Sony Pictures Entertainment moves up the opening of 'Michael Jackson: This Is It' to Oct. 28 and will put tickets on sale more than a month before the first showing.

August 21, 2009|Chris Lee

Aiming to create a cinematic happening for its newly acquired Michael Jackson movie, Sony Pictures Entertainment announced Thursday that "Michael Jackson: This Is It" will be released in a limited two-week run, and moved up its opening by two days to Oct. 28.

In an attempt to stoke fan anticipation for the film, the studio is taking the unusual step of putting tickets on sale Sept. 27, more than a month before the film arrives at multiplexes.

The movie draws on more than 80 hours of behind-the-scenes and rehearsal footage shot in the buildup to Jackson's sold-out London concerts, which were to begin last month. The 50-year-old singer was found dead in his rented Holmby Hills mansion June 25.

"As we began assembling the footage for the motion picture we realized we captured something extraordinary, unique and very special," the film's director, Kenny Ortega, said in a statement.

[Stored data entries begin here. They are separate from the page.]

text \<open>In a decreasing gap the same holds for the inverse map; we apply the increasing case to
  the inverse, whose frame has the opposite directions.\<close>

lemma advance:
  assumes g: "framed r xs d" and i: "i + 1 < length xs" "xs!i < y" "y < xs!(i+1)"
    and t: "y \<le> t" "t < xs!(i+1)" "\<forall>x\<in>dom r \<union> ran r. y < x \<longrightarrow> t \<le> x"
  shows "\<exists>r' y'. framed r' xs d \<and> r \<subseteq>\<^sub>m r' \<and> (if d i then r' else inv_pm r') y = Some y' \<and>
     y < y' \<and> y' < xs!(i+1) \<and>
     dom r' \<union> ran r' \<subseteq> dom r \<union> ran r \<union> {y, y'} \<and> (y' \<in> dom r \<union> ran r \<or> t < y')"
proof (cases "d i")
  case True
  then show ?thesis using advance_increasing[OF g True i t] by simp
next
  case False
  have du: "dom (inv_pm r) \<union> ran (inv_pm r) = dom r \<union> ran r"
    using dom_inv_pm ran_inv_pm[OF framed_partial_iso[OF g]] by auto
  obtain r' y' where r': "framed r' xs (\<lambda>i. \<not> d i)" "inv_pm r \<subseteq>\<^sub>m r'" "r' y = Some y'"
    "y < y'" "y' < xs!(i+1)" "dom r' \<union> ran r' \<subseteq> dom r \<union> ran r \<union> {y, y'}"
    "y' \<in> dom r \<union> ran r \<or> t < y'"
    using advance_increasing[OF framed_inv_pm[OF g] _ i t(1,2)] False t(3) du by auto
  have "dom (inv_pm r') \<union> ran (inv_pm r') = dom r' \<union> ran r'"
    using dom_inv_pm ran_inv_pm[OF framed_partial_iso[OF r'(1)]] by auto
  then show ?thesis using framed_extension_via_inv[OF g r'(1,2)] r' False
    by (intro exI[of _ "inv_pm r'"] exI[of _ y']) auto
qed

lemma framed_cover_point:
  assumes g: "framed r xs d" and v: "hd xs \<le> v" "v \<le> last xs"
  shows "\<exists>r'. framed r' xs d \<and> r \<subseteq>\<^sub>m r' \<and> v \<in> dom r'"
proof (cases "v \<in> dom r")
  case False
  have sxs: "sorted_wrt (<) xs" and ne: "xs \<noteq> []" using g unfolding framed_def by auto
  have "v \<notin> set xs" using False framed_fix[OF g] by auto
  moreover from this have "v \<noteq> hd xs" "v \<noteq> last xs" using ne by auto
  ultimately obtain i where i: "i + 1 < length xs" "xs!i < v" "v < xs!(i+1)"
    using sorted_find_gap[OF ne sxs] v by force
  have "\<exists>z. framed (r(v \<mapsto> z)) xs d"
  proof (cases "d i")
    case True
    have "\<forall>x\<in>dom r. v < x \<longrightarrow> v < the (r x)"
    proof (intro ballI impI)
      fix x assume x: "x \<in> dom r" "v < x"
      then obtain yx where yx: "r x = Some yx" by auto
      have "xs!i < x" using i(2) x(2) by simp
      then show "v < the (r x)" using image_above_increasing[OF g True i(1) _ yx _ i(3)] x yx by simp
    qed
    moreover have "\<forall>x\<in>dom r. x < v \<longrightarrow> the (r x) < last xs + 1"
      using framed_ran[OF g] by fastforce
    ultimately show ?thesis using framed_extend[OF g i False, of v "last xs + 1"] True v by auto
  next
    case dec: False
    have "\<forall>x\<in>dom r. x < v \<longrightarrow> the (r x) < v"
    proof (intro ballI impI)
      fix x assume x: "x \<in> dom r" "x < v"
      then obtain yx where yx: "r x = Some yx" by auto
      have "x < xs!(i+1)" using i(3) x(2) by simp
      then show "the (r x) < v" using image_below_decreasing[OF g dec i(1) _ yx _ i(2)] x yx by simp
    qed
    moreover have "\<forall>x\<in>dom r. v < x \<longrightarrow> hd xs - 1 < the (r x)"
      using framed_ran[OF g] by fastforce
    ultimately show ?thesis using framed_extend[OF g i False, of "hd xs - 1" v] dec v by auto
  qed
  moreover have "r \<subseteq>\<^sub>m r(v \<mapsto> z)" for z using False by (auto simp: map_le_def)
  ultimately show ?thesis by auto
qed (use g in auto)

lemma framed_cover:
  assumes "finite C" "framed r xs d" "C \<subseteq> {hd xs..last xs}"
  shows "\<exists>r'. framed r' xs d \<and> r \<subseteq>\<^sub>m r' \<and> C \<subseteq> dom r'"
  using assms
proof (induction C arbitrary: r rule: finite_induct)
  case (insert c C)
  have "\<exists>r1. framed r1 xs d \<and> r \<subseteq>\<^sub>m r1 \<and> C \<subseteq> dom r1" using insert.IH insert.prems by auto
  then obtain r1 where r1: "framed r1 xs d" "r \<subseteq>\<^sub>m r1" "C \<subseteq> dom r1" by blast
  have "hd xs \<le> c" "c \<le> last xs" using insert.prems by auto
  then obtain r2 where r2: "framed r2 xs d" "r1 \<subseteq>\<^sub>m r2" "c \<in> dom r2"
    using framed_cover_point[OF r1(1)] by blast
  have "insert c C \<subseteq> dom r2" using r1(3) r2(2,3) map_le_implies_dom_le by blast
  then show ?case using r2(1) map_le_trans[OF r1(2) r2(2)] by blast
qed auto

lemma framed_cover_dir:
  assumes g: "framed r xs d" and C: "finite C" "C \<subseteq> {hd xs..last xs}"
  shows "\<exists>r'. framed r' xs d \<and> r \<subseteq>\<^sub>m r' \<and> C \<subseteq> dom (if b then r' else inv_pm r')"
proof (cases b)
  case True then show ?thesis using framed_cover[OF C(1) g C(2)] by simp
next
  case False
  obtain r' where r': "framed r' xs (\<lambda>i. \<not> d i)" "inv_pm r \<subseteq>\<^sub>m r'" "C \<subseteq> dom r'"
    using framed_cover[OF C(1) framed_inv_pm[OF g] C(2)] by blast
  then show ?thesis using framed_extension_via_inv[OF g r'(1,2)] False
    by (intro exI[of _ "inv_pm r'"]) simp
qed

section \<open>Evaluating words\<close>

fun gen_map :: "(rat \<rightharpoonup> rat) \<Rightarrow> (rat \<rightharpoonup> rat) \<Rightarrow> gen \<Rightarrow> (rat \<rightharpoonup> rat)" where
  "gen_map p q S = p" | "gen_map p q T = q"

lemma act_eq: "act p q (G, b) = (if b then gen_map p q G else inv_pm (gen_map p q G))"
  by (cases G; cases b) auto

lemma partial_iso_act: "partial_iso p \<Longrightarrow> partial_iso q \<Longrightarrow> partial_iso (act p q l)"
  by (cases l, rename_tac G b, case_tac G; case_tac b) (auto intro: partial_iso_inv_pm)

lemma act_mono:
  assumes "p \<subseteq>\<^sub>m p'" "q \<subseteq>\<^sub>m q'" "partial_iso p" "partial_iso q" "partial_iso p'" "partial_iso q'"
  shows "act p q l \<subseteq>\<^sub>m act p' q' l"
  using assms inv_pm_mono by (cases l, rename_tac G b, case_tac G; case_tac b) auto

lemma word_eval_less:
  assumes "partial_iso p" "partial_iso q"
  shows "word_eval p q w c = Some x \<Longrightarrow> word_eval p q w c' = Some x' \<Longrightarrow> c < c' \<Longrightarrow> x < x'"
proof (induction w arbitrary: x x')
  case (Cons l w)
  then obtain d d' where "word_eval p q w c = Some d" "act p q l d = Some x"
    "word_eval p q w c' = Some d'" "act p q l d' = Some x'"
    by (auto split: option.splits)
  then show ?case using Cons.IH partial_iso_less[OF partial_iso_act[OF assms]] Cons.prems(3) by blast
qed simp

text \<open>Ascending words are reduced, which is how reducedness of the
  liberating word is obtained.\<close>

fun ascending :: "(rat \<rightharpoonup> rat) \<Rightarrow> (rat \<rightharpoonup> rat) \<Rightarrow> word \<Rightarrow> rat \<Rightarrow> bool" where
  "ascending p q [] c = True"
| "ascending p q (l # w) c \<longleftrightarrow> ascending p q w c \<and>
     (\<exists>d e. word_eval p q w c = Some d \<and> act p q l d = Some e \<and> d < e)"

lemma word_eval_mono:
  assumes "p \<subseteq>\<^sub>m p'" "q \<subseteq>\<^sub>m q'" "partial_iso p" "partial_iso q" "partial_iso p'" "partial_iso q'"
  shows "word_eval p q w c = Some d \<Longrightarrow> word_eval p' q' w c = Some d"
proof (induction w arbitrary: d)
  case (Cons l w)
  then obtain d0 where d0: "word_eval p q w c = Some d0" "act p q l d0 = Some d"
    by (auto split: option.splits)
  have "act p' q' l d0 = Some d" using act_mono[OF assms, of l] d0(2) by (metis domI map_le_def)
  then show ?case using Cons.IH[OF d0(1)] by simp
qed simp

lemma ascending_mono:
  assumes "p \<subseteq>\<^sub>m p'" "q \<subseteq>\<^sub>m q'" "partial_iso p" "partial_iso q" "partial_iso p'" "partial_iso q'"
  shows "ascending p q w c \<Longrightarrow> ascending p' q' w c"
proof (induction w)
  case (Cons l w)
  then obtain d e where de: "word_eval p q w c = Some d" "act p q l d = Some e" "d < e" by auto
  have "act p' q' l d = Some e" using act_mono[OF assms, of l] de(2) by (metis domI map_le_def)
  then show ?case using Cons word_eval_mono[OF assms de(1)] de(3) by auto
qed simp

Ortega, the director-choreographer behind Walt Disney Co.'s lucrative "High School Musical" franchise and the movie "Dirty Dancing," as well as being Jackson's creative partner on his "Dangerous" and "HIStory" tours, worked closely with the performer as director of Jackson's "This Is It" concerts.

"For the first time ever, fans will see Michael as they have never seen him before -- this great artist at work. It is raw, emotional, moving and powerful footage," Ortega said.

Disney used a similar unorthodox release strategy for its 2008 3-D concert movie "Hannah Montana/Miley Cyrus: Best of Both Worlds" that drove attendance in its opening weekend and resulted in a surprise No. 1 hit.

Sony's Columbia Pictures division paid concert promoter AEG Live $60 million for the rights to make a feature-length movie out of the "This Is It" rehearsal footage.

Moving the release date of "This Is It" to Oct. 28, a Wednesday, also makes solid tactical sense for Sony with Halloween being one of the toughest weekends of the year at the U.S. box office.

Contrary to earlier reports, filmmakers said "This Is It" would not contain sequences shot in 3-D.